- WTI is probing $79.00, having bounced at key support in the $77.00 area.
- Fundamental newsflow continues to err on the bearish/negative side.
Crude oil prices have been tentatively recovering ground after hitting six-week lows as the US session has gone by, following a sharp drop on Wednesday that carried all the way through into the early Thursday European session. Front-month futures contracts for the American benchmark for sweet light crude oil, West Texas Intermediary or WTI, has rallied back to prove the $79.00 level in recent trade, a decent recovery from earlier session lows just above $77.00. That still leaves WTI prices about $2.0 or 2.5% down on the week.
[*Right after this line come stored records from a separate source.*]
(* Let $p\geq 80$ be a prime, let $0<\alpha\leq \frac15$ be real, let $d\in[2,p-2]$ be an integer, and let $N$ be a positive integer. Let $I$ and $J$ be arithmetic progressions in $\mathbb{Z}/p\mathbb{Z}$ having the same common difference and satisfying $|I|=2N-1$, $|J|>(1+\alpha)N-3$, and $|I\cap (d\cdot J)|\leq \alpha N-2$. Then $N<\frac{p+3}{3+\alpha}$.
   Context: An arithmetic progression in $\mathbb{Z}/p\mathbb{Z}$ with difference $g\neq 0$ is a set of the form $\{a, a+g,\dots,a+(k-1)g\}$ with $1\le k\le p$. For $X\subseteq\mathbb{Z}/p\mathbb{Z}$ and an integer $d$, the dilate is $d\cdot X=\{dx: x\in X\}$. *)

theory Defs
  imports "HOL-Computational_Algebra.Primes" Complex_Main
begin

text \<open>Z/pZ is represented by the canonical residues {0..<p} of type int.\<close>

definition arith_prog :: "int \<Rightarrow> int \<Rightarrow> int \<Rightarrow> nat \<Rightarrow> int set" where
  "arith_prog p a g k = {(a + int i * g) mod p | i. i < k}"

definition is_AP_with_diff :: "int \<Rightarrow> int \<Rightarrow> int set \<Rightarrow> bool" where
  "is_AP_with_diff p g X \<longleftrightarrow> g mod p \<noteq> 0 \<and>
     (\<exists>a k. 1 \<le> k \<and> int k \<le> p \<and> X = arith_prog p a g k)"

definition dilate :: "int \<Rightarrow> int \<Rightarrow> int set \<Rightarrow> int set" where
  "dilate p d X = (\<lambda>x. (d * x) mod p) ` X"

end

theory Submission
  imports Defs "HOL-Number_Theory.Cong"
begin

text \<open>
  Multiplying by the inverse of g and translating turns I into the segment [0, K) with K = 2N - 1
  and d\<cdot>J into the progression x, x + d, \<dots>, x + (m - 1) d; let e be the number of its terms
  lying in the segment. For a shift t, pair the j-th term with the (j + t)-th: pairs with no term
  in the segment inject, via their first term, into the residues u with u and u + t d both outside
  the segment, so m - t - 2e is at most the distance from t d mod p to [p - K, K]. For t = 1 this
  gives \<delta> = min d (p - d) \<le> 2e + 1; choosing t minimal with t (\<delta> - 1) > 2e + 1 then yields a
  contradiction as soon as K > 6e + 3, which is what N \<ge> (p + 3)/(3 + \<alpha>) forces.
\<close>

definition segment_hits :: "int \<Rightarrow> int \<Rightarrow> int \<Rightarrow> nat \<Rightarrow> int \<Rightarrow> nat set" where
  "segment_hits p x d m K = {j. j < m \<and> (x + int j * d) mod p < K}"

lemma arith_prog_eq_image: "arith_prog p a g k = (\<lambda>i. (a + int i * g) mod p) ` {..<k}"
  unfolding arith_prog_def by auto

lemma inj_on_mod_progression:
  fixes p x c :: int
  assumes "prime p" "\<not> p dvd c" "int k \<le> p"
  shows "inj_on (\<lambda>i. (x + int i * c) mod p) {..<k}"
proof (rule inj_onI)
  fix i j assume ij: "i \<in> {..<k}" "j \<in> {..<k}"
    and "(x + int i * c) mod p = (x + int j * c) mod p"
  then have "p dvd (int i - int j) * c" by (simp add: mod_eq_dvd_iff algebra_simps)
  with assms(1,2) have "p dvd int i - int j" by (simp add: prime_dvd_mult_iff)
  moreover have "\<bar>int i - int j\<bar> < p" using ij assms(3) by auto
  ultimately show "i = j" using dvd_imp_le_int[of "int i - int j" p] by fastforce
qed

lemma card_arith_prog:
  assumes "prime p" "g mod p \<noteq> 0" "int k \<le> p"
  shows "card (arith_prog p a g k) = k"
  using inj_on_mod_progression[OF assms(1) _ assms(3)] assms(2)
  by (simp add: arith_prog_eq_image card_image dvd_eq_mod_eq_0)

lemma mem_arith_prog_iff:
  fixes p a g g' z :: int
  assumes "p > 0" "[g * g' = 1] (mod p)" "int k \<le> p" "0 \<le> z" "z < p"
  shows "z \<in> arith_prog p a g k \<longleftrightarrow> ((z - a) * g') mod p < int k"
proof
  assume "z \<in> arith_prog p a g k"
  then obtain i where i: "i < k" "z = (a + int i * g) mod p" unfolding arith_prog_def by auto
  have "[(z - a) * g' = (a + int i * g - a) * g'] (mod p)"
    using i(2) unfolding cong_def by (metis mod_diff_left_eq mod_mult_left_eq)
  also have "(a + int i * g - a) * g' = int i * (g * g')" by (simp add: algebra_simps)
  also have "[\<dots> = int i * 1] (mod p)" using assms(2) by (rule cong_mult[OF cong_refl])
  finally have "((z - a) * g') mod p = int i"
    using i(1) assms(3) by (simp add: cong_def)
  with i(1) show "((z - a) * g') mod p < int k" by linarith
next
  assume h: "((z - a) * g') mod p < int k"
  define i where "i = nat (((z - a) * g') mod p)"
  have i: "int i = ((z - a) * g') mod p" unfolding i_def using assms(1) by simp
  have "[a + int i * g = a + (z - a) * g' * g] (mod p)"
    unfolding i cong_def by (metis mod_add_right_eq mod_mult_left_eq)
  also have "a + (z - a) * g' * g = a + (z - a) * (g * g')" by (simp add: algebra_simps)
  also have "[\<dots> = a + (z - a) * 1] (mod p)"
    using assms(2) by (intro cong_add cong_mult cong_refl)
  finally have "z = (a + int i * g) mod p" using assms(4,5) by (simp add: cong_def)
  moreover have "i < k" using h i by linarith
  ultimately show "z \<in> arith_prog p a g k" unfolding arith_prog_def by auto
qed

lemma card_inter_dilate_arith_prog:
  fixes p a b g d :: int
  assumes "prime p" "g mod p \<noteq> 0" "\<not> p dvd d" "int k \<le> p" "int m \<le> p"
  shows "\<exists>x. card (arith_prog p a g k \<inter> dilate p d (arith_prog p b g m))
              = card (segment_hits p x d m (int k))"
proof -
  have p: "p > 0" using assms(1) prime_gt_0_int by blast
  have "coprime g p"
    using assms(1,2) prime_imp_coprime[of p g] by (simp add: dvd_eq_mod_eq_0 coprime_commute)
  then obtain g' where g': "[g * g' = 1] (mod p)" using cong_solve_coprime_int by blast
  define x where "x = (d * b - a) * g'"
  define w where "w j = (d * ((b + int j * g) mod p)) mod p" for j :: nat
  define y where "y j = (x + int j * d) mod p" for j :: nat
  have normalize_w: "((w j - a) * g') mod p = y j" for j
  proof -
    have "[(w j - a) * g' = (d * (b + int j * g) - a) * g'] (mod p)"
      unfolding w_def cong_def by (metis mod_diff_left_eq mod_mult_left_eq mod_mult_right_eq)
    also have "(d * (b + int j * g) - a) * g' = x + int j * d * (g * g')"
      unfolding x_def by (simp add: algebra_simps)
    also have "[\<dots> = x + int j * d * 1] (mod p)"
      using g' by (intro cong_add cong_mult cong_refl)
    finally show ?thesis unfolding y_def cong_def by simp
  qed
  have w_range: "0 \<le> w j" "w j < p" for j unfolding w_def using p by auto
  have "inj_on y {..<m}"
    unfolding y_def using inj_on_mod_progression[OF assms(1,3,5)] .
  then have "inj_on ((\<lambda>z. ((z - a) * g') mod p) \<circ> w) {..<m}"
    by (simp add: comp_def normalize_w)
  then have inj_w: "inj_on w {..<m}" by (rule inj_on_imageI2)
  have "dilate p d (arith_prog p b g m) = w ` {..<m}"
    unfolding dilate_def arith_prog_eq_image w_def by auto
  then have "arith_prog p a g k \<inter> dilate p d (arith_prog p b g m) = w ` segment_hits p x d m (int k)"
    using mem_arith_prog_iff[OF p g' assms(4) w_range] normalize_w
    unfolding segment_hits_def y_def by auto
  moreover have "inj_on w (segment_hits p x d m (int k))"
    using inj_w by (rule inj_on_subset) (auto simp: segment_hits_def)
  ultimately show ?thesis by (auto simp: card_image)
qed

lemma card_shift_outside_segment_le:
  fixes p r K :: int
  assumes "0 \<le> r" "r < p"
  shows "card {u. K \<le> u \<and> u < p \<and> K \<le> (u + r) mod p} \<le> nat (p - r - K) + nat (r - K)"
proof -
  have "{u. K \<le> u \<and> u < p \<and> K \<le> (u + r) mod p} \<subseteq> {p + K - r..<p} \<union> {K..<p - r}"
  proof (intro subsetI UnCI)
    fix u assume u: "u \<in> {u. K \<le> u \<and> u < p \<and> K \<le> (u + r) mod p}" "u \<notin> {K..<p - r}"
    then have "(u + r) mod p = (u + r - p) mod p" by simp
    also have "\<dots> = u + r - p" using u assms by (intro mod_pos_pos_trivial) auto
    finally show "u \<in> {p + K - r..<p}" using u by simp
  qed
  then have "card {u. K \<le> u \<and> u < p \<and> K \<le> (u + r) mod p} \<le> card ({p + K - r..<p} \<union> {K..<p - r})"
    by (intro card_mono) auto
  also have "\<dots> \<le> nat (p - r - K) + nat (r - K)"
    using card_Un_le[of "{p + K - r..<p}" "{K..<p - r}"] by simp
  finally show ?thesis .
qed

lemma segment_hits_pair_bound:
  fixes p x d K :: int
  assumes "prime p" "\<not> p dvd d" "int m \<le> p" "t \<le> m"
  shows "int m - int t - 2 * int (card (segment_hits p x d m K))
           \<le> max 0 (p - (int t * d) mod p - K) + max 0 ((int t * d) mod p - K)"
proof -
  define y where "y j = (x + int j * d) mod p" for j :: nat
  define r where "r = (int t * d) mod p"
  define H where "H = segment_hits p x d m K"
  define P where "P = {i. i + t < m \<and> K \<le> y i \<and> K \<le> y (i + t)}"
  have p: "p > 0" using assms(1) prime_gt_0_int by blast
  have fin: "finite H" "finite P" "finite {i. i + t \<in> H}"
    unfolding H_def P_def segment_hits_def by (auto intro: finite_subset[of _ "{..<m}"])
  have "{..<m - t} \<subseteq> P \<union> H \<union> {i. i + t \<in> H}"
    unfolding P_def H_def segment_hits_def y_def by auto
  then have "m - t \<le> card P + card H + card {i. i + t \<in> H}"
    using fin card_mono[of "P \<union> H \<union> {i. i + t \<in> H}" "{..<m - t}"]
      card_Un_le[of "P \<union> H" "{i. i + t \<in> H}"] card_Un_le[of P H] by simp
  moreover have "card {i. i + t \<in> H} \<le> card H"
    by (rule card_inj_on_le[where f = "\<lambda>i. i + t"]) (auto simp: fin inj_on_def)
  moreover have "int (card P) \<le> max 0 (p - r - K) + max 0 (r - K)"
  proof -
    have "y (i + t) = (y i + r) mod p" for i
      unfolding y_def r_def by (simp add: algebra_simps mod_add_eq)
    then have "y ` P \<subseteq> {u. K \<le> u \<and> u < p \<and> K \<le> (u + r) mod p}"
      using p unfolding P_def by (auto simp: y_def)
    moreover have "inj_on y P"
      using inj_on_mod_progression[OF assms(1-3), of x] unfolding y_def
      by (rule inj_on_subset) (auto simp: P_def)
    ultimately have "card P \<le> card {u. K \<le> u \<and> u < p \<and> K \<le> (u + r) mod p}"
      by (intro card_inj_on_le) (auto intro: finite_subset[of _ "{K..<p}"])
    also have "\<dots> \<le> nat (p - r - K) + nat (r - K)"
      using p by (intro card_shift_outside_segment_le) (auto simp: r_def)
    finally show ?thesis by linarith
  qed
  ultimately show ?thesis
    using assms(4) unfolding H_def r_def by linarith
qed

lemma min_step_le_segment_hits:
  fixes p d x K :: int and m :: nat
  defines "e \<equiv> int (card (segment_hits p x d m K))"
  assumes "prime p" "2 \<le> d" "d \<le> p - 2" "int m \<le> p"
    and "p \<le> 2 * K" "p - K \<le> int m" "2 * e + 1 < int m"
  shows "min d (p - d) \<le> 2 * e + 1"
proof -
  have "\<not> p dvd d" using assms(3,4) zdvd_not_zless[of d p] by auto
  moreover have "1 \<le> m" using assms(8) unfolding e_def by linarith
  ultimately have "int m - 1 - 2 * e \<le> max 0 (p - d - K) + max 0 (d - K)"
    using segment_hits_pair_bound[OF assms(2) _ assms(5), of d 1 x K] assms(3,4)
    unfolding e_def by simp
  with assms(6-8) show ?thesis by (simp add: max_def min_def split: if_splits)
qed

lemma exists_multiple_in_window:
  fixes a b :: int
  assumes "0 \<le> a" "0 < b"
  obtains t :: nat where "a < int t * b" "int t * b \<le> a + b"
proof
  define q where "q = a div b"
  have "q * b + a mod b = a" "0 \<le> a mod b" "a mod b < b" "0 \<le> q"
    using assms unfolding q_def by (simp_all add: pos_imp_zdiv_nonneg_iff)
  then show "a < int (nat (q + 1)) * b" "int (nat (q + 1)) * b \<le> a + b"
    by (simp_all add: distrib_right)
qed

lemma segment_hits_lower_bound:
  fixes p d x K :: int and m :: nat
  defines "e \<equiv> int (card (segment_hits p x d m K))"
  assumes "prime p" "2 \<le> d" "d \<le> p - 2" "int m \<le> p"
    and "K \<le> p" "p \<le> 2 * K" "p - K \<le> int m" "4 * e + 3 \<le> int m"
  shows "K \<le> 6 * e + 3"
proof (rule ccontr)
  assume K_large: "\<not> K \<le> 6 * e + 3"
  define \<delta> where "\<delta> = min d (p - d)"
  have \<delta>: "2 \<le> \<delta>" "\<delta> \<le> 2 * e + 1"
    using assms(3,4) min_step_le_segment_hits[OF assms(2-5,7,8)] assms(9)
    unfolding \<delta>_def e_def by simp_all
  obtain t :: nat where t: "2 * e + 1 < int t * (\<delta> - 1)" "int t * (\<delta> - 1) \<le> 2 * e + 1 + (\<delta> - 1)"
    using exists_multiple_in_window[of "2 * e + 1" "\<delta> - 1"] \<delta>(1) unfolding e_def by auto
  have t_le: "int t \<le> 2 * e + 2"
  proof -
    have "1 \<le> int t" using t(1) unfolding e_def by (cases t) auto
    with \<delta>(1) have "0 \<le> (int t - 1) * (\<delta> - 2)" by simp
    with t(2) show ?thesis by (simp add: algebra_simps)
  qed
  have t\<delta>: "0 < int t * \<delta>" "int t * \<delta> < K"
    using t t_le \<delta> K_large by (simp_all add: algebra_simps)
  have "(int t * d) mod p = int t * \<delta> \<or> (int t * d) mod p = p - int t * \<delta>"
  proof (cases "d \<le> p - d")
    case True
    then show ?thesis using t\<delta> assms(6) unfolding \<delta>_def by simp
  next
    case False
    then have "int t * d = (p - int t * \<delta>) + (int t - 1) * p"
      unfolding \<delta>_def by (simp add: algebra_simps)
    then have "(int t * d) mod p = (p - int t * \<delta>) mod p" by simp
    also have "\<dots> = p - int t * \<delta>" using t\<delta> assms(6) by (intro mod_pos_pos_trivial) auto
    finally show ?thesis ..
  qed
  moreover have "int m - int t - 2 * e
      \<le> max 0 (p - (int t * d) mod p - K) + max 0 ((int t * d) mod p - K)"
    using segment_hits_pair_bound[OF assms(2) _ assms(5)] assms(3,4,9) t_le zdvd_not_zless[of d p]
    unfolding e_def by auto
  ultimately have "int m - int t - 2 * e \<le> max 0 (p - K - int t * \<delta>)"
    using t\<delta> assms(7) by (auto simp: max_def)
  then show False
    using t(1) t_le assms(8,9) by (simp add: algebra_simps max_def split: if_splits)
qed

theorem lemma3p3:
  fixes p d :: int and \<alpha> :: real and N :: nat and I J :: "int set" and g :: int
  assumes "prime p" and "p \<ge> 80"
    and "0 < \<alpha>" and "\<alpha> \<le> 1/5"
    and "2 \<le> d" and "d \<le> p - 2"
    and "N > 0"
    and "is_AP_with_diff p g I" and "is_AP_with_diff p g J"
    and "card I = 2 * N - 1"
    and "real (card J) > (1 + \<alpha>) * real N - 3"
    and "real (card (I \<inter> dilate p d J)) \<le> \<alpha> * real N - 2"
  shows "real N < (real_of_int p + 3) / (3 + \<alpha>)"
proof (rule ccontr)
  assume N_large: "\<not> ?thesis"
  define A where "A = \<alpha> * real N"
  have p_le: "real_of_int p + 3 \<le> 3 * real N + A"
    using N_large assms(3) unfolding A_def by (simp add: not_less divide_le_eq algebra_simps)
  have A_le: "A \<le> real N / 5" using mult_right_mono[OF assms(4), of "real N"] unfolding A_def by simp
  obtain a k where g: "g mod p \<noteq> 0" and k: "int k \<le> p" and I: "I = arith_prog p a g k"
    using assms(8) unfolding is_AP_with_diff_def by blast
  obtain b m where m: "int m \<le> p" and J: "J = arith_prog p b g m"
    using assms(9) unfolding is_AP_with_diff_def by blast
  have "\<not> p dvd d" using assms(5,6) zdvd_not_zless[of d p] by auto
  then obtain x where hits: "card (I \<inter> dilate p d J) = card (segment_hits p x d m (int k))"
    using card_inter_dilate_arith_prog[OF assms(1) g _ k m] unfolding I J by blast
  have k_eq: "real k = 2 * real N - 1" and m_gt: "real m > real N + A - 3"
    using card_arith_prog[OF assms(1) g] k m assms(7,10,11) unfolding I J A_def by (auto simp: algebra_simps)
  define e where "e = int (card (segment_hits p x d m (int k)))"
  have e_le: "real_of_int e \<le> A - 2" using assms(12) hits unfolding e_def A_def by simp
  have "real_of_int (p - int k) < real_of_int (int m + 1)" "real_of_int p \<le> real_of_int (2 * int k)"
    "real_of_int (4 * e + 3) < real_of_int (int m + 1)"
    using p_le A_le k_eq m_gt e_le by simp_all
  then have "int k \<le> 6 * e + 3"
    unfolding e_def of_int_less_iff of_int_le_iff
    by (intro segment_hits_lower_bound[OF assms(1,5,6) m k]) simp_all
  then show False using k_eq e_le A_le by linarith
qed

end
Technical buying after WTI bounced from a key area of support (the 6 July high at $77.00) appears to be the main driver of Thursday’s modest recovery. From a fundamental standpoint, recent updates remain mostly bearish and, as a result, any recovery back towards the $80 area might prove nothing more than a dead cat bounce. The US is gearing up for a crude oil reserve release and has pressing major Asian oil imports to join it, including China, Japan and South Korea. Chinese authorities have already said that they are preparing for a crude oil reserve release.
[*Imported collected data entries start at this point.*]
lemma cesaro_trunc_dist_tendsto:
  assumes \<mu>: "set_pmf \<mu> \<subseteq> trunc_states N" "bind_pmf \<mu> trunc_step = \<mu>"
    and s: "s \<in> trunc_states N"
  shows "cesaro (\<lambda>t. pmf (trunc_dist t) s) \<longlonglongrightarrow> pmf \<mu> s"
proof -
  define x where "x T s = cesaro (\<lambda>t. pmf (trunc_dist t) s) T - pmf \<mu> s" for T s
  note dev = cesaro_balance_deviation[OF \<mu>, where B=1]
  have balance: "(\<lambda>T. x T s1 - (c0 * x T s0 + c1 * x T s2)) \<longlonglongrightarrow> 0"
    if "\<And>D. set_pmf D \<subseteq> trunc_states N \<Longrightarrow>
          pmf (bind_pmf D trunc_step) s1 = c0 * pmf D s0 + c1 * pmf D s2" for s1 s0 s2 c0 c1
  proof -
    have "(\<lambda>T. (cesaro (\<lambda>t. pmf (trunc_dist t) s1) T - pmf \<mu> s1)
        - (cesaro (\<lambda>t. c0 * pmf (trunc_dist t) s0 + c1 * pmf (trunc_dist t) s2) T
           - (c0 * pmf \<mu> s0 + c1 * pmf \<mu> s2))) \<longlonglongrightarrow> 0"
      by (rule dev) (use that in \<open>auto simp: pmf_le_1\<close>)
    then show ?thesis
      unfolding x_def cesaro_add cesaro_mult_left by (simp add: algebra_simps)
  qed
  have linear: "(\<Sum>d=1..N. w d * x T (f d))
      = cesaro (\<lambda>t. \<Sum>d=1..N. w d * pmf (trunc_dist t) (f d)) T - (\<Sum>d=1..N. w d * pmf \<mu> (f d))"
    for w f T
    unfolding x_def cesaro_sum cesaro_mult_left right_diff_distrib sum_subtractf ..
  note step = pmf_bind_trunc_step
  have "(\<lambda>T. x T s) \<longlonglongrightarrow> 0"
  proof (rule approx_balance_tendsto_zero[OF _ _ _ _ _ _ _ _ s])
    show "(\<lambda>T. x T (1,0,1) - p * x T (0,0,0)) \<longlonglongrightarrow> 0"
      using balance[of "(1,0,1)" p "(0,0,0)" 0 "(0,0,0)"] step(1) by simp
    show "(\<lambda>T. x T (0,1,1) - q * x T (1,1,0)) \<longlonglongrightarrow> 0"
      using balance[of "(0,1,1)" q "(1,1,0)" 0 "(1,1,0)"] step(2) by simp
    show "(\<lambda>T. x T (1,0,N) - rho10 * (x T (1,0,N - 1) + x T (1,0,N))) \<longlonglongrightarrow> 0"
      using balance[of "(1,0,N)" rho10 "(1,0,N - 1)" rho10 "(1,0,N)"] step(5)
      by (simp add: distrib_left)
    show "(\<lambda>T. x T (0,1,N) - rho01 * (x T (0,1,N - 1) + x T (0,1,N))) \<longlonglongrightarrow> 0"
      using balance[of "(0,1,N)" rho01 "(0,1,N - 1)" rho01 "(0,1,N)"] step(6)
      by (simp add: distrib_left)
    fix e assume e: "1 \<le> e" "Suc e < N"
    show "(\<lambda>T. x T (1,0,Suc e) - (1 - q) * tau10 e * x T (1,0,e)) \<longlonglongrightarrow> 0"
      using balance[of "(1,0,Suc e)" "(1 - q) * tau10 e" "(1,0,e)" 0 "(1,0,e)"] step(3)[OF _ e]
      by simp
    show "(\<lambda>T. x T (0,1,Suc e) - (1 - p) * tau01 e * x T (0,1,e)) \<longlonglongrightarrow> 0"
      using balance[of "(0,1,Suc e)" "(1 - p) * tau01 e" "(0,1,e)" 0 "(0,1,e)"] step(4)[OF _ e]
      by simp
  next
    define A :: "state pmf \<Rightarrow> real" where "A D = (\<Sum>d=1..N. (1 - q) * (1 - tau10 d) * pmf D (1,0,d))" for D
    define B :: "state pmf \<Rightarrow> real" where "B D = (\<Sum>d=1..N. (1 - p) * (1 - tau01 d) * pmf D (0,1,d))" for D
    have "(\<lambda>T. (cesaro (\<lambda>t. est0_mass (trunc_dist t)) T - est0_mass \<mu>)
        - (cesaro (\<lambda>t. est0_mass (trunc_dist t) - A (trunc_dist t) + B (trunc_dist t)) T
           - (est0_mass \<mu> - A \<mu> + B \<mu>))) \<longlonglongrightarrow> 0"
      by (rule dev) (simp_all add: A_def B_def est0_mass_bind_trunc_step est0_mass_bounds)
    moreover have "(\<Sum>d=1..N. (1 - q) * (1 - tau10 d) * x T (1,0,d))
                   - (\<Sum>d=1..N. (1 - p) * (1 - tau01 d) * x T (0,1,d))
        = (cesaro (\<lambda>t. est0_mass (trunc_dist t)) T - est0_mass \<mu>)
        - (cesaro (\<lambda>t. est0_mass (trunc_dist t) - A (trunc_dist t) + B (trunc_dist t)) T
           - (est0_mass \<mu> - A \<mu> + B \<mu>))" for T
      unfolding linear cesaro_add cesaro_diff A_def B_def by linarith
    ultimately show "(\<lambda>T. (\<Sum>d=1..N. (1 - q) * (1 - tau10 d) * x T (1,0,d))
                   - (\<Sum>d=1..N. (1 - p) * (1 - tau01 d) * x T (0,1,d))) \<longlonglongrightarrow> 0"
      by simp
  next
    have "x T (0,0,0) + x T (1,1,0) + (\<Sum>d=1..N. x T (1,0,d)) + (\<Sum>d=1..N. x T (0,1,d)) = 0"
      if "0 < T" for T
    proof -
      have "x T (0,0,0) + x T (1,1,0) + (\<Sum>d=1..N. x T (1,0,d)) + (\<Sum>d=1..N. x T (0,1,d))
          = (\<Sum>s\<in>trunc_states N. x T s)"
        unfolding sum_trunc_states ..
      also have "\<dots> = cesaro (\<lambda>t. \<Sum>s\<in>trunc_states N. pmf (trunc_dist t) s) T
          - (\<Sum>s\<in>trunc_states N. pmf \<mu> s)"
        unfolding x_def cesaro_sum sum_subtractf ..
      also have "\<dots> = 0"
        using that \<mu>(1) set_pmf_trunc_dist
        by (simp add: sum_pmf_eq_1[OF finite_trunc_states] cesaro_const)
      finally show ?thesis .
    qed
    then show "(\<lambda>T. x T (0,0,0) + x T (1,1,0) + (\<Sum>d=1..N. x T (1,0,d)) + (\<Sum>d=1..N. x T (0,1,d)))
        \<longlonglongrightarrow> 0"
      by (intro tendsto_eventually eventually_sequentiallyI[of 1]) auto
  qed
  then show ?thesis
    unfolding x_def by (rule LIM_zero_cancel)
qed

lemma trunc_stationary_unique:
  assumes "set_pmf \<mu>1 \<subseteq> trunc_states N" "bind_pmf \<mu>1 trunc_step = \<mu>1"
    and "set_pmf \<mu>2 \<subseteq> trunc_states N" "bind_pmf \<mu>2 trunc_step = \<mu>2"
  shows "\<mu>1 = \<mu>2"
proof (rule pmf_eqI)
  fix s
  show "pmf \<mu>1 s = pmf \<mu>2 s"
  proof (cases "s \<in> trunc_states N")
    case True
    show ?thesis
      using LIMSEQ_unique[OF cesaro_trunc_dist_tendsto[OF assms(1,2) True]
          cesaro_trunc_dist_tendsto[OF assms(3,4) True]] .
  next
    case False
    then have "s \<notin> set_pmf \<mu>1" "s \<notin> set_pmf \<mu>2"
      using assms by auto
    then show ?thesis
      by (simp add: set_pmf_eq)
  qed
qed

lemma pmf_trunc_stationary_unsync:
  assumes \<mu>: "set_pmf \<mu> \<subseteq> trunc_states N" "bind_pmf \<mu> trunc_step = \<mu>" and d: "1 \<le> d" "d < N"
  shows "pmf \<mu> (1,0,d) = weight10 d * pmf \<mu> (0,0,0)"
    and "pmf \<mu> (0,1,d) = weight01 d * pmf \<mu> (1,1,0)"
proof -
  have "pmf \<mu> (1,0,d) = weight10 d * pmf \<mu> (0,0,0) \<and> pmf \<mu> (0,1,d) = weight01 d * pmf \<mu> (1,1,0)"
    using d
  proof (induction d rule: nat_induct_at_least)
    case base
    then show ?case
      using pmf_bind_trunc_step(1,2)[OF \<mu>(1)] \<mu>(2) weight_rec(1,2) by simp
  next
    case (Suc e)
    then show ?case
      using pmf_bind_trunc_step(3,4)[OF \<mu>(1), of e] \<mu>(2) weight_rec(3,4)[of e] by simp
  qed
  then show "pmf \<mu> (1,0,d) = weight10 d * pmf \<mu> (0,0,0)" "pmf \<mu> (0,1,d) = weight01 d * pmf \<mu> (1,1,0)"
    by simp_all
qed

lemma pmf_trunc_stationary_top:
  assumes "set_pmf \<mu> \<subseteq> trunc_states N" "bind_pmf \<mu> trunc_step = \<mu>"
  shows "pmf \<mu> (1,0,N) = rho10 / (1 - rho10) * pmf \<mu> (1,0,N - 1)"
    and "pmf \<mu> (0,1,N) = rho01 / (1 - rho01) * pmf \<mu> (0,1,N - 1)"
proof -
  have "pmf \<mu> (1,0,N) = rho10 * (pmf \<mu> (1,0,N - 1) + pmf \<mu> (1,0,N))"
    "pmf \<mu> (0,1,N) = rho01 * (pmf \<mu> (0,1,N - 1) + pmf \<mu> (0,1,N))"
    using pmf_bind_trunc_step(5,6)[OF assms(1)] assms(2) by simp_all
  then show "pmf \<mu> (1,0,N) = rho10 / (1 - rho10) * pmf \<mu> (1,0,N - 1)"
    "pmf \<mu> (0,1,N) = rho01 / (1 - rho01) * pmf \<mu> (0,1,N - 1)"
    using rho_bounds by (simp_all add: field_simps)
qed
Meanwhile, the European demand outlook this winter is faltering as Covid-19 infections surge and government reinstates varied degrees of lockdown restrictions. In terms of the latest on that front, the European press is reporting that Austria could be about to reimpose full lockdown, the Netherlands has introduced a partial lockdown and now Germany is talking about a lockdown for the unvaccinated if hospitalisations cross above a certain threshold.
Elsewhere, and in terms of the broader supply/demand balance that is the most important long-term factor for crude oil markets, market participants are getting jittery about the 2022 outlook. Earlier in the week, the Secretary-General of OPEC+ said he expects oil markets to have returned to a surplus (i.e. more supply than demand) by December, while the oil minister from the UAE said he expected a surplus in Q1 2022. Output is expected to grow in the coming months in the US, as output returns back to pre-pandemic levels. Output is also expected to grow significantly from OPEC+, as the cartel continues to increase its production quotas each month and as OPEC+ nations who have involuntarily struggled to keep up with OPEC+ output hikes catch up. That crude oil prices will moderate in 2022 appears already to be a consensus view.